The breed’s reputation is the stuff of legend.
“Noted for its near-mythical stamina and toughness, the Spanish Mustang can survive and multiply in conditions when many would perish,” Huffman says. “This breed helped shape USA history. They were brought to the New World by the Spanish Conquistadors and spread throughout missions and settlements, becoming more numerous from breeding programs and trade imports.”
He notes that Spanish Mustangs were prized by Indian tribes and often obtained through trade and raids, eventually becoming an essential part of Native culture.
“The wealth of the tribes was often measured by horses. These mustangs were used as war ponies, for travel, and for buffalo hunting.”

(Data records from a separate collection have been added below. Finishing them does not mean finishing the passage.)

(* Let $(I^*,\pi^* )\in\mathcal I_L\times\mathbb R$ be a Pareto optimal contract with $\rho^{Pol}(I^*,\pi^* )=\rho^{Pol}(0,0)$. Then there exists a pricing distortion function $g^*_{I^*}$ such that $(I^*,g^*_{I^*})$ is a Stackelberg equilibrium and $\Pi_{g^*_{I^*}}(I^*(X))=\pi^*$.
   Context: $(\Omega,\mathcal F,\mathbb P)$ is a non-atomic probability space; $X\ge0$ is bounded with range $[0,M]$ and strictly increasing distribution function $F_X$. A distortion function is a non-decreasing differentiable map $h:[0,1]\to[0,1]$ with $h(0)=0$, $h(1)=1$; $\int Y\,\mathrm dh\circ\mathbb P=\int_0^\infty h(\mathbb P(Y\ge y))\mathrm dy+\int_{-\infty}^0[h(\mathbb P(Y\ge y))-1]\mathrm dy$. Policyholder distortion $T$, $\rho^{Pol}(Z)=\int Z\,\mathrm dT\circ\mathbb P$; pricing distortion $g$, $\Pi_g(I(X))=\int I(X)\,\mathrm dg\circ\mathbb P$. $\mathcal I_L=\{I:[0,M]\to[0,M]: I(0)=0,\ 0\le I(x_1)-I(x_2)\le x_1-x_2\ \forall x_2\le x_1\}$; for a mechanism, $\rho^{Pol}(I,g)=\rho^{Pol}(X-I(X)+\Pi_g(I(X)))$ and $V^{In}(I,g)=\Pi_g(I(X))-\mathbb E[I(X)]$. $(I^*,g^* )$ is a Stackelberg equilibrium if (i) $I^*\in\arg\min_{I\in\mathcal I_L}\rho^{Pol}(I,g^* )$ and (ii) $V^{In}(I^*,g^* )\ge V^{In}(I,g)$ for all $(I,g)$ with $I\in\arg\min_{\bar I\in\mathcal I_L}\rho^{Pol}(\bar I,g)$. For a contract $(I,\pi)\in\mathcal I_L\times\mathbb R$: $\rho^{Pol}(I,\pi)=\rho^{Pol}(X-I(X)+\pi)$, $V^{In}(I,\pi)=\pi-\mathbb E[I(X)]$; it is Pareto optimal if no $(I',\pi')$ has $\rho^{Pol}(I',\pi')\le\rho^{Pol}(I,\pi)$ and $V^{In}(I',\pi')\ge V^{In}(I,\pi)$ with at least one strict inequality. *)

theory Defs
  imports "HOL-Probability.Probability"
begin

definition distortion :: "(real \<Rightarrow> real) \<Rightarrow> bool" where
  "distortion h \<longleftrightarrow> mono_on {0..1} h \<and> h ` {0..1} \<subseteq> {0..1}
     \<and> h differentiable_on {0..1} \<and> h 0 = 0 \<and> h 1 = 1"

definition choquet :: "'a measure \<Rightarrow> (real \<Rightarrow> real) \<Rightarrow> ('a \<Rightarrow> real) \<Rightarrow> real" where
  "choquet M h Y =
     (LINT y:{0..}|lborel. h (measure M {\<omega> \<in> space M. y \<le> Y \<omega>}))
   + (LINT y:{..<0}|lborel. h (measure M {\<omega> \<in> space M. y \<le> Y \<omega>}) - 1)"

definition IL :: "real \<Rightarrow> (real \<Rightarrow> real) set" where
  "IL Mx = {I. (\<forall>x\<in>{0..Mx}. I x \<in> {0..Mx}) \<and> I 0 = 0 \<and>
     (\<forall>x1\<in>{0..Mx}. \<forall>x2\<in>{0..Mx}. x2 \<le> x1 \<longrightarrow> 0 \<le> I x1 - I x2 \<and> I x1 - I x2 \<le> x1 - x2)}"

definition premium :: "'a measure \<Rightarrow> ('a \<Rightarrow> real) \<Rightarrow> (real \<Rightarrow> real) \<Rightarrow> (real \<Rightarrow> real) \<Rightarrow> real" where
  "premium M X g I = choquet M g (\<lambda>\<omega>. I (X \<omega>))"

definition rho_mech :: "'a measure \<Rightarrow> ('a \<Rightarrow> real) \<Rightarrow> (real \<Rightarrow> real) \<Rightarrow> (real \<Rightarrow> real) \<Rightarrow> (real \<Rightarrow> real) \<Rightarrow> real" where
  "rho_mech M X T I g = choquet M T (\<lambda>\<omega>. X \<omega> - I (X \<omega>) + premium M X g I)"

definition V_mech :: "'a measure \<Rightarrow> ('a \<Rightarrow> real) \<Rightarrow> (real \<Rightarrow> real) \<Rightarrow> (real \<Rightarrow> real) \<Rightarrow> real" where
  "V_mech M X I g = premium M X g I - (\<integral>\<omega>. I (X \<omega>) \<partial>M)"

definition rho_contract :: "'a measure \<Rightarrow> ('a \<Rightarrow> real) \<Rightarrow> (real \<Rightarrow> real) \<Rightarrow> (real \<Rightarrow> real) \<Rightarrow> real \<Rightarrow> real" where
  "rho_contract M X T I \<pi> = choquet M T (\<lambda>\<omega>. X \<omega> - I (X \<omega>) + \<pi>)"

definition V_contract :: "'a measure \<Rightarrow> ('a \<Rightarrow> real) \<Rightarrow> (real \<Rightarrow> real) \<Rightarrow> real \<Rightarrow> real" where
  "V_contract M X I \<pi> = \<pi> - (\<integral>\<omega>. I (X \<omega>) \<partial>M)"

definition pareto_optimal :: "'a measure \<Rightarrow> ('a \<Rightarrow> real) \<Rightarrow> real \<Rightarrow> (real \<Rightarrow> real) \<Rightarrow> (real \<Rightarrow> real) \<Rightarrow> real \<Rightarrow> bool" where
  "pareto_optimal M X Mx T I \<pi> \<longleftrightarrow> I \<in> IL Mx \<and>
     \<not> (\<exists>I'\<in>IL Mx. \<exists>\<pi>'::real.
          rho_contract M X T I' \<pi>' \<le> rho_contract M X T I \<pi> \<and>
          V_contract M X I' \<pi>' \<ge> V_contract M X I \<pi> \<and>
          (rho_contract M X T I' \<pi>' < rho_contract M X T I \<pi> \<or>
           V_contract M X I' \<pi>' > V_contract M X I \<pi>))"

definition best_response :: "'a measure \<Rightarrow> ('a \<Rightarrow> real) \<Rightarrow> real \<Rightarrow> (real \<Rightarrow> real) \<Rightarrow> (real \<Rightarrow> real) \<Rightarrow> (real \<Rightarrow> real) \<Rightarrow> bool" where
  "best_response M X Mx T g I \<longleftrightarrow> I \<in> IL Mx \<and>
     (\<forall>J\<in>IL Mx. rho_mech M X T I g \<le> rho_mech M X T J g)"
theorem mainTheorem13:
  shows "\<exists>f :: (nat \<Rightarrow> nat) \<Rightarrow> nat.
           I_has_winning_strategy (\<lambda>x. real (f x)) \<and>
           (\<forall>(r::real) (C :: (nat \<Rightarrow> nat) set). cantor_subset C \<longrightarrow>
              uncountable (C \<inter> {x. real (f x) \<ge> r}))"
proof -
  obtain f0 :: "(nat \<Rightarrow> nat) \<Rightarrow> nat"
    where f0: "\<And>C m. cantor_subset C \<Longrightarrow> uncountable (C \<inter> f0 -` {m})"
    using Bernstein_function[OF card_of_cantor_subsets_le_Pow_nat]
      card_of_Pow_nat_le_cantor_subset by auto
  define f where "f x = avoid_interval (decoded_limsup x) (f0 x)" for x
  have "uncountable (C \<inter> {x. real (f x) \<ge> r})" if "cantor_subset C" for r C
  proof -
    have "r \<le> real (f x)" if "f0 x = nat \<lceil>r\<rceil>" for x
      using real_nat_ceiling_ge[of r] avoid_interval_ge[of "f0 x"] that unfolding f_def
      by (metis of_nat_le_iff order_trans)
    then have "C \<inter> f0 -` {nat \<lceil>r\<rceil>} \<subseteq> C \<inter> {x. real (f x) \<ge> r}" by auto
    then show ?thesis using f0[OF that] by (meson countable_subset)
  qed
  moreover have "I_has_winning_strategy (\<lambda>x. real (f x))"
    unfolding f_def by (fact I_has_winning_strategy_avoid_interval)
  ultimately show ?thesis by auto
qed

end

The Spanish Mustang is a smooth-muscled horse with a short back, rounded hips, and a low-set tail. The girth is deep, with laid-back shoulders and well-defined withers. They stand approximately 13.2 to 15 hands and weigh between 650 and 1,100 lbs.
“Their build varies from lighter types to heavier types without extremes,” Huffman says. “They carry an appearance of natural collection and balance.”
Better yet, the hardy breed can tolerate forage that would be unsuitable for domesticated horses, including poison ivy, greenbrier vines and acorns.
Even so, Spanish Mustangs were on the brink of extinction in the early twentieth century. Their fate shifted in the mid-1950s, when a group formed to preserve the last survivors, eventually establishing the Spanish Mustang Registry in 1957, the first and original registry for the horses.
“Robert E. Brislawn and his son, Emmett Brislawn, collected individual animals considered the best examples of the breed,” says Huffman. “They chose stock carefully, only keeping the most ideal types available. Today’s horses still retain the qualities that allowed the Spaniards to conquer a new world.”
Still, the breed remains at risk.
“Fewer than 3,000 Spanish Mustangs remain,” Huffman says. “Without focused efforts to retain a broad spectrum of the foundation bloodlines, the breed could become extinct. It’s critical to save this visual example of our history of the founding of America.”
Huffman and other registry members are working hard to do exactly that.
“We strive to preserve the horses of the Conquistadors, the Indian war ponies, the buffalo runners, and the cow ponies of early America. This means continuing to educate the general public and maintaining genetic diversity across the surviving Spanish Mustangs for the owners and breeders of these amazing animals.”